You remember that Jesus, just a few hours before, had told Peter, who had drawn his sword, ready to fight for him, Jesus had told Peter, “Put away your sword. Shall I not drink the cup the Father has given me?” His kingdom is not like the worldly kingdom, it’s not like kingdoms of the earth; his kingdom is a different kind of kingdom.

Pilate then says to him in verse 37, “So you are a king?” Jesus had said, “My kingdom is not of this world.” “So you are a king, then?”

Jesus answers him, “You say that I am a king. For this purpose I was born and for this purpose I have come into the world, to bear witness to the truth.”

This shows us something else about the kingdom of Christ; it shows us that it is a kingdom of truth. It is a reign characterized by truth. Jesus came to bear witness to the truth.

That, of course, taps into a key theme in John’s Gospel, the theme of truth. You remember in John 1, in the prologue, we read that “the word became flesh and dwelt among us, and we have seen his glory, glory as of the only Son from the Father, full of grace and truth. The law came by Moses, but grace and truth have come through Jesus Christ.”

You remember that Jesus had said to those who heard him, “If you abide [or continue] in my word, you are truly my disciples, and you will know the truth, and the truth will set you free.”

In fact, Jesus had said, “I am the way, the truth, and the life.” He came to bear witness to the truth, to teach the truth, to preach the truth, and he himself was the embodiment of truth. How is it that Jesus bore witness to the truth? Well, in everything he said he was bearing witness to the truth. He was bearing witness to the truth of God his Father, his character, who he is, his love, his justice, his holiness, his grace. He was bearing witness to the truth of human beings and their need, their sin, their condemnation, having loved darkness rather than light, and their need for new birth, for regeneration, for change.

He had borne witness, in some ways, about himself, as he had made these astounding claims to be the way, the truth, and the life, to be the resurrection and the life, to be the true bread from heaven, to be the Son of God. Everything Jesus said was bearing witness to the truth.

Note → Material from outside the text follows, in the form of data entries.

theorem mainTheorem18:
  fixes d1 d2 :: nat
  assumes "(d1, d2) \<noteq> (0, 0)"
  shows "finite (Qd d1 d2) \<and> Qd d1 d2 \<noteq> {} \<and> inj_on qsize (Qd d1 d2) \<and>
    (\<exists>qmax \<in> Qd d1 d2. \<exists>qmin \<in> Qd d1 d2.
       qsize ` Qd d1 d2 = {qsize qmin .. qsize qmax} \<and>
       (\<forall>q \<in> Qd d1 d2. qval q > 0) \<and>
       (\<forall>q \<in> Qd d1 d2. \<forall>q' \<in> Qd d1 d2. qsize q < qsize q' \<longrightarrow> qval q < qval q') \<and>
       qsize qmax = d1 + d2 \<and>
       qval qmax = real d1 + real d2 * gam powi (-1) \<and>
       qval qmin = \<bar>real d1 - real d2 * gam powi (-1)\<bar> \<and>
       (\<forall>q \<in> Qd d1 d2 - {qmax, qmin}. \<exists>m n :: int.
          qval q = real_of_int m + real_of_int n * gam powi (-1) \<and>
          \<bar>m\<bar> \<le> int d1 \<and> \<bar>n\<bar> \<le> int d2 - 1))"
proof -
  let ?Q = "Qd d1 d2" and ?top = "top_quad d1 d2"
  note top = top_quad[OF assms]
  obtain qmin where qmin: "qmin \<in> ?Q" and least: "\<And>q. q \<in> ?Q \<Longrightarrow> qsize qmin \<le> qsize q"
    using ex_has_least_nat[of "\<lambda>q. q \<in> ?Q" ?top qsize] top(1) by blast
  have sizes: "qsize ` ?Q = {qsize qmin .. qsize ?top}"
    using Qd_sizes_interval[OF qmin least top(1)] Qd_size_le top(2) by simp
  have "qsize qmin < qsize q" if "q \<in> ?Q - {?top, qmin}" for q
    using least[of q] Qd_size_inj qmin that by (fastforce simp: inj_on_def)
  then have intermediate: "\<forall>q \<in> ?Q - {?top, qmin}. \<exists>m n :: int.
      qval q = of_int m + of_int n * tau \<and> \<bar>m\<bar> \<le> int d1 \<and> \<bar>n\<bar> \<le> int d2 - 1"
    using Qd_intermediate_coords qmin by blast
  show ?thesis
    unfolding tau_def[symmetric]
    using Qd_finite Qd_size_inj Qd_value_pos Qd_value_mono top sizes intermediate
      Qd_least_size_value[OF qmin least] qmin by blast
qed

Then Jesus says, “Everyone who is of the truth listens to my voice.” That’s important. It tells us who it is that really has aligned themselves with what is true, with what is real: it is those people who listen to the voice of Jesus.

Then Pilate in verse 38 responds, “What is truth?”

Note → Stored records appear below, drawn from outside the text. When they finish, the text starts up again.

lemma sg_unit_supp_eq:
  assumes "semidomain S" and "add_reduced S" and u: "sg_unit S u"
    and "a \<in> supp u" and "c \<in> supp u"
  shows "a = c"
proof -
  obtain v where v: "in_SG S v" "sg_mult u v = sg_one" and "in_SG S u"
    using u unfolding sg_unit_def by blast
  have "supp v \<noteq> {}"
  proof
    assume "supp v = {}"
    then have "sg_mult u v 0 = 0"
      unfolding sg_mult_def by simp
    then show False
      using v(2) by (simp add: sg_one_def)
  qed
  then obtain b where "b \<in> supp v"
    by blast
  then have "sg_mult u v (a + b) \<noteq> 0" and "sg_mult u v (c + b) \<noteq> 0"
    using sg_mult_add_supp_nonzero[OF assms(1,2) \<open>in_SG S u\<close> v(1)] assms(4,5) by blast+
  then have "a + b = 0" and "c + b = 0"
    unfolding v(2) sg_one_def by (auto split: if_splits)
  then show ?thesis
    by (metis add_right_cancel)
qed

lemma not_sg_unit_if_two_supp:
  assumes "semidomain S" and "add_reduced S"
    and "a \<in> supp f" and "b \<in> supp f" and "a \<noteq> b"
  shows "\<not> sg_unit S f"
  using sg_unit_supp_eq[OF assms(1,2)] assms(3-5) by blast

lemma sg_unit_imp_monomial:
  assumes "semidomain S" and "add_reduced S" and u: "sg_unit S u"
  shows "sg_monomial S u"
proof (cases "supp u = {}")
  case True
  then have "u = sg_monom 0 0"
    by (auto simp: supp_def)
  then show ?thesis
    using assms(1) unfolding sg_monomial_def semidomain_def by blast
next
  case False
  then obtain g where g: "g \<in> supp u"
    by blast
  have "u = sg_monom g (u g)"
  proof
    fix h
    show "u h = sg_monom g (u g) h"
      using sg_unit_supp_eq[OF assms g, of h] by (auto simp: supp_def)
  qed
  moreover have "u g \<in> S"
    using u by (simp add: sg_unit_def in_SG_def)
  ultimately show ?thesis
    unfolding sg_monomial_def by blast
qed

lemma sg_irreducibleD:
  assumes "sg_irreducible S f" and "in_SG S p" and "in_SG S q" and "f = sg_mult p q"
  shows "sg_unit S p \<or> sg_unit S q"
  using assms unfolding sg_irreducible_def by blast

lemma sg_monolithicD:
  assumes "sg_monolithic S f" and "in_SG S p" and "in_SG S q" and "f = sg_mult p q"
  shows "sg_monomial S p \<or> sg_monomial S q"
  using assms unfolding sg_monolithic_def by blast

lemma sg_irreducible_imp_monolithic:
  assumes "semidomain S" and "add_reduced S" and "sg_irreducible S f"
  shows "sg_monolithic S f"
  unfolding sg_monolithic_def
proof (intro conjI allI impI)
  show "f \<noteq> (\<lambda>_. 0)"
    using assms(3) unfolding sg_irreducible_def by blast
  fix p q assume "in_SG S p \<and> in_SG S q \<and> f = sg_mult p q"
  then have "sg_unit S p \<or> sg_unit S q"
    using sg_irreducibleD[OF assms(3)] by blast
  then show "sg_monomial S p \<or> sg_monomial S q"
    using sg_unit_imp_monomial[OF assms(1,2)] by blast
qed

lemma sg_irreducible_imp_one_in_gcd:
  assumes sd: "semidomain S" and ar: "add_reduced S" and "in_SG S f"
    and two_supp: "a \<in> supp f" "b \<in> supp f" "a \<noteq> b"
    and irr: "sg_irreducible S f"
  shows "one_in_gcd S (range f)"
  unfolding one_in_gcd_def
proof (intro ballI impI)
  fix d assume d: "d \<in> S - {0}" and "\<forall>b \<in> range f - {0}. sdvd S d b"
  then obtain t where t: "in_SG S t" "supp t = supp f" "f = sg_mult (sg_monom 0 d) t"
    using sg_factor_common_divisor[OF sd \<open>in_SG S f\<close>] by blast
  have "\<not> sg_unit S t"
    using not_sg_unit_if_two_supp[OF sd ar] two_supp t(2) by blast
  moreover have "in_SG S (sg_monom 0 d)"
    using in_SG_monom[OF sd] d by blast
  ultimately show "sdvd S d 1"
    using sg_irreducibleD[OF irr _ t(1,3)] sg_unit_monom_iff[OF sd] d by blast
qed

Francis Bacon in a famous essay referenced this. “‘What is truth?’ said jesting Pilate, and would not stay for an answer.” Pilate says, “What is truth?” and then in his cynicism, his skepticism he walks away. James Montgomery Boice says, “The question that welled up from Pilate’s deep cynicism was the disillusioned and despairing cry of his age. It is this that makes Pilate the preeminently modern man.” “What is truth?” He’s standing before truth incarnate, but he doesn’t stop to listen.

I think this whole exchange suggests three applications before we move on to the verdict in this trial.

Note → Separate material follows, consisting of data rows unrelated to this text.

lemma red_homology_nonzero_le_card:
  fixes k :: "'k::field itself" and K :: "'a::linorder set set"
  assumes "red_homology_nonzero k K j" "K \<subseteq> Pow S" "finite S"
  shows "j \<le> card S"
proof -
  obtain z :: "'a set \<Rightarrow> 'k" where z: "\<forall>\<sigma>. z \<sigma> \<noteq> 0 \<longrightarrow> \<sigma> \<in> faces K j"
    and z_not_boundary: "\<not> (\<exists>c. (\<forall>\<sigma>. c \<sigma> \<noteq> 0 \<longrightarrow> \<sigma> \<in> faces K (Suc j)) \<and> bdry K c = z)"
    using assms(1) unfolding red_homology_nonzero_def by blast
  have "bdry K (\<lambda>_. 0 :: 'k) = (\<lambda>_. 0)" by (simp add: bdry_def fun_eq_iff)
  then obtain \<sigma> where "z \<sigma> \<noteq> 0" using z_not_boundary by fastforce
  then have "\<sigma> \<subseteq> S" "card \<sigma> = j" using z assms(2) by (auto simp: faces_def)
  then show ?thesis using card_mono[OF assms(3)] by blast
qed

lemma red_homology_nonzero_empty_face: "red_homology_nonzero (k :: 'k::field itself) {{} :: 'a::linorder set} 0"
proof -
  define z :: "'a set \<Rightarrow> 'k" where "z \<sigma> = (if \<sigma> = {} then 1 else 0)" for \<sigma>
  have "bdry {{}} c {} = 0" for c :: "'a set \<Rightarrow> 'k" by (simp add: bdry_def)
  then have "\<not> (\<exists>c. (\<forall>\<sigma>. c \<sigma> \<noteq> 0 \<longrightarrow> \<sigma> \<in> faces {{}} (Suc 0)) \<and> bdry {{}} c = z)"
    by (metis z_def one_neq_zero)
  moreover have "\<forall>\<sigma>. z \<sigma> \<noteq> 0 \<longrightarrow> \<sigma> \<in> faces {{}} 0" by (simp add: z_def faces_def)
  moreover have "\<forall>\<tau>. bdry {{}} z \<tau> = 0" by (simp add: bdry_def)
  ultimately show ?thesis unfolding red_homology_nonzero_def by blast
qed

lemma finite_reg_candidates:
  assumes "finite (fst G)"
  shows "finite {j. \<exists>S \<subseteq> fst G. ind_nonzero k G S j}"
proof (rule finite_subset[of _ "{..card (fst G)}"])
  show "{j. \<exists>S \<subseteq> fst G. ind_nonzero k G S j} \<subseteq> {..card (fst G)}"
  proof
    fix j assume "j \<in> {j. \<exists>S \<subseteq> fst G. ind_nonzero k G S j}"
    then obtain S where "S \<subseteq> fst G" "ind_nonzero k G S j" by blast
    then have "j \<le> card S"
      using red_homology_nonzero_le_card[OF _ Ind_induced_Pow] finite_subset assms by blast
    then show "j \<in> {..card (fst G)}" using card_mono[OF assms \<open>S \<subseteq> fst G\<close>] by simp
  qed
qed simp

lemma reg_ge:
  assumes "finite (fst G)" "S \<subseteq> fst G" "ind_nonzero k G S j"
  shows "j \<le> reg k G"
  unfolding reg_def using assms finite_reg_candidates[OF assms(1)] by (intro Max_ge) auto

lemma reg_attained:
  assumes "finite (fst G)" "{} \<notin> snd G"
  obtains S where "S \<subseteq> fst G" "ind_nonzero k G S (reg k G)"
proof -
  have "Ind_induced G {} = {{}}" using assms(2) by (auto simp: Ind_induced_def)
  then have "0 \<in> {j. \<exists>S \<subseteq> fst G. ind_nonzero k G S j}"
    using red_homology_nonzero_empty_face by force
  then have "reg k G \<in> {j. \<exists>S \<subseteq> fst G. ind_nonzero k G S j}"
    unfolding reg_def using finite_reg_candidates[OF assms(1)] by (intro Max_in) auto
  then show ?thesis using that by blast
qed

section \<open>The graph containing both the subdivision and the contraction\<close>

lemma nbhd_subset: "is_graph G \<Longrightarrow> nbhd G x \<subseteq> fst G"
  unfolding nbhd_def is_graph_def by (fastforce simp: doubleton_eq_iff)

lemma not_in_nbhd_self: "is_graph G \<Longrightarrow> x \<notin> nbhd G x"
  unfolding nbhd_def is_graph_def by (fastforce simp: doubleton_eq_iff)

locale subdivision_contraction =
  fixes G :: "'a::linorder graph" and u v a b w :: 'a
  assumes graph: "is_graph G" and edge_uv: "{u, v} \<in> snd G"
    and a_notin: "a \<notin> fst G" and b_notin: "b \<notin> fst G" and a_ne_b: "a \<noteq> b"
    and w_notin: "w \<notin> fst G" and w_ne_a: "w \<noteq> a" and w_ne_b: "w \<noteq> b"
begin

abbreviation (input) "V \<equiv> fst G"

lemma u_in: "u \<in> V" and v_in: "v \<in> V" and u_ne_v: "u \<noteq> v"
  using graph edge_uv unfolding is_graph_def by (fastforce simp: doubleton_eq_iff)+

lemma u_in_nbhd_v: "u \<in> nbhd G v" and v_in_nbhd_u: "v \<in> nbhd G u"
  using edge_uv by (auto simp: nbhd_def insert_commute)

lemma new_vertices_distinct: "a \<noteq> u" "a \<noteq> v" "b \<noteq> u" "b \<noteq> v" "w \<noteq> u" "w \<noteq> v"
  using a_notin b_notin w_notin u_in v_in by auto

lemma new_vertices_not_in_nbhd: "a \<notin> nbhd G x" "b \<notin> nbhd G x" "w \<notin> nbhd G x"
  using nbhd_subset[OF graph] a_notin b_notin w_notin by blast+

definition merged :: "'a graph" where
  "merged = (V \<union> {a, b, w},
     snd (dsub G u v a b) \<union> {{w, z} | z. z \<in> (nbhd G u \<union> nbhd G v) - {u, v}})"

lemma is_graph_merged: "is_graph merged"
  unfolding is_graph_def
proof (intro conjI ballI)
  show "finite (fst merged)" using graph by (simp add: merged_def is_graph_def)
next
  fix e assume "e \<in> snd merged"
  then consider "e \<in> snd G" | "e = {u, a}" | "e = {a, b}" | "e = {b, v}"
    | z where "e = {w, z}" "z \<in> nbhd G u \<union> nbhd G v"
    by (auto simp: merged_def dsub_def)
  then show "\<exists>x y. x \<noteq> y \<and> e = {x, y} \<and> x \<in> fst merged \<and> y \<in> fst merged"
  proof cases
    case 1
    then show ?thesis using graph unfolding is_graph_def merged_def by fastforce
  next
    case 5
    then have "z \<in> V" using nbhd_subset[OF graph] by blast
    then show ?thesis using 5 w_notin by (intro exI[of _ w] exI[of _ z]) (auto simp: merged_def)
  qed (use u_in v_in new_vertices_distinct a_ne_b in \<open>auto simp: merged_def\<close>)
qed

lemma Ind_dsub_merged:
  assumes "S \<subseteq> V \<union> {a, b}"
  shows "Ind_induced (dsub G u v a b) S = Ind_induced merged S"
proof (rule Ind_induced_cong)
  fix e assume "e \<subseteq> S"
  then have "w \<notin> e" using assms w_notin w_ne_a w_ne_b by blast
  then show "e \<in> snd (dsub G u v a b) \<longleftrightarrow> e \<in> snd merged" by (auto simp: merged_def)
qed

lemma Ind_contract_merged:
  assumes "T \<subseteq> V - {u, v} \<union> {w}"
  shows "Ind_induced (contract G u v w) T = Ind_induced merged T"
proof (rule Ind_induced_cong)
  fix e assume "e \<subseteq> T"
  then have "u \<notin> e" "v \<notin> e" "a \<notin> e" "b \<notin> e"
    using assms new_vertices_distinct w_ne_a w_ne_b a_notin b_notin by auto
  then show "e \<in> snd (contract G u v w) \<longleftrightarrow> e \<in> snd merged"
    by (auto simp: merged_def contract_def dsub_def)
qed

lemma nbhd_merged:
  "nbhd merged u = nbhd G u - {v} \<union> {a}"
  "nbhd merged v = nbhd G v - {u} \<union> {b}"
  "nbhd merged a = {u, b}"
  "nbhd merged b = {a, v}"
  "nbhd merged w = (nbhd G u \<union> nbhd G v) - {u, v}"
  using new_vertices_distinct u_ne_v a_ne_b w_ne_a w_ne_b a_notin b_notin w_notin
    not_in_nbhd_self[OF graph] new_vertices_not_in_nbhd nbhd_subset[OF graph]
  by (auto simp: merged_def dsub_def nbhd_def doubleton_eq_iff insert_commute
      dest: is_graph_edge_subset[OF graph])

lemma fst_merged: "fst merged = V \<union> {a, b, w}"
  by (simp add: merged_def)

lemma old_vertices_avoid_new:
  assumes "Y \<subseteq> V - {u, v}"
  shows "u \<notin> Y" "v \<notin> Y" "a \<notin> Y" "b \<notin> Y" "w \<notin> Y"
  using assms a_notin b_notin w_notin by auto

lemma reverse_edge: "subdivision_contraction G v u b a w"
  using graph edge_uv a_notin b_notin a_ne_b w_notin w_ne_a w_ne_b
  by unfold_locales (auto simp: insert_commute)

lemma merged_reverse_edge: "subdivision_contraction.merged G v u b a w = merged"
  unfolding subdivision_contraction.merged_def[OF reverse_edge] merged_def dsub_def
  by (auto simp: insert_commute)

context
  fixes k :: "'k::field itself"
begin

text \<open>Within Y the vertices v and w of the merged graph have the same neighbours, so they can be
  exchanged.\<close>
lemma ind_nonzero_swap_v_w:
  assumes Y: "Y \<subseteq> V - {u, v}" "Y \<inter> nbhd G u = {}"
  shows "ind_nonzero k merged (insert v Y) j \<longleftrightarrow> ind_nonzero k merged (insert w Y) j"
proof -
  let ?S = "insert v (insert w Y)"
  note facts = old_vertices_avoid_new[OF Y(1)] new_vertices_distinct u_ne_v a_ne_b w_ne_a w_ne_b
    u_in_nbhd_v v_in_nbhd_u not_in_nbhd_self[OF graph] new_vertices_not_in_nbhd
  have S: "?S \<subseteq> fst merged" using Y v_in by (auto simp: fst_merged)
  have "ind_nonzero k merged ?S j \<longleftrightarrow> ind_nonzero k merged (?S - {w}) j"
    by (rule ind_nonzero_iff_deletion_isolated[OF is_graph_merged S, where y = v])
      (use Y facts in \<open>auto simp: nbhd_merged\<close>)
  moreover have "ind_nonzero k merged ?S j \<longleftrightarrow> ind_nonzero k merged (?S - {v}) j"
    by (rule ind_nonzero_iff_deletion_isolated[OF is_graph_merged S, where y = w])
      (use Y facts in \<open>auto simp: nbhd_merged\<close>)
  moreover have "?S - {w} = insert v Y" "?S - {v} = insert w Y" using facts by auto
  ultimately show ?thesis by simp
qed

(1) The first is just to beware of the danger of ignoring truth for the sake of expediency, which is what Pilate does. There was an opportunity right there where Pilate could have inquired further and learned more about who Jesus was and what he had come to do, but Pilate doesn’t stay to listen.

It reminds me of a story that John MacArthur told many years ago. It’s a story of an Avianca jet that crashed in Spain in 1984. When the investigators studied the accident afterwards they recovered the black box, and they heard the recorded dialogue. They were surprised and alarmed to find that there had been a shrill, computerized voice, a synthesized voice from the plane’s automatic warning system that told the crew repeatedly in English, “Pull up! Pull up! Pull up!” The pilate had said, “Shut up, gringo,” shut off the radio, and just a few seconds later the plane crashed into the side of a mountain.

It is kind of a parable for the way many people live—confronted with the claims of Christ, confronted with the truth of Christianity, confronted with the word of God, and there’s a warning, there’s an opportunity. “Pull up before it’s too late!” And people shut it off. “What is truth?” They don’t stop to listen. Beware of that. Listen to Jesus in his word.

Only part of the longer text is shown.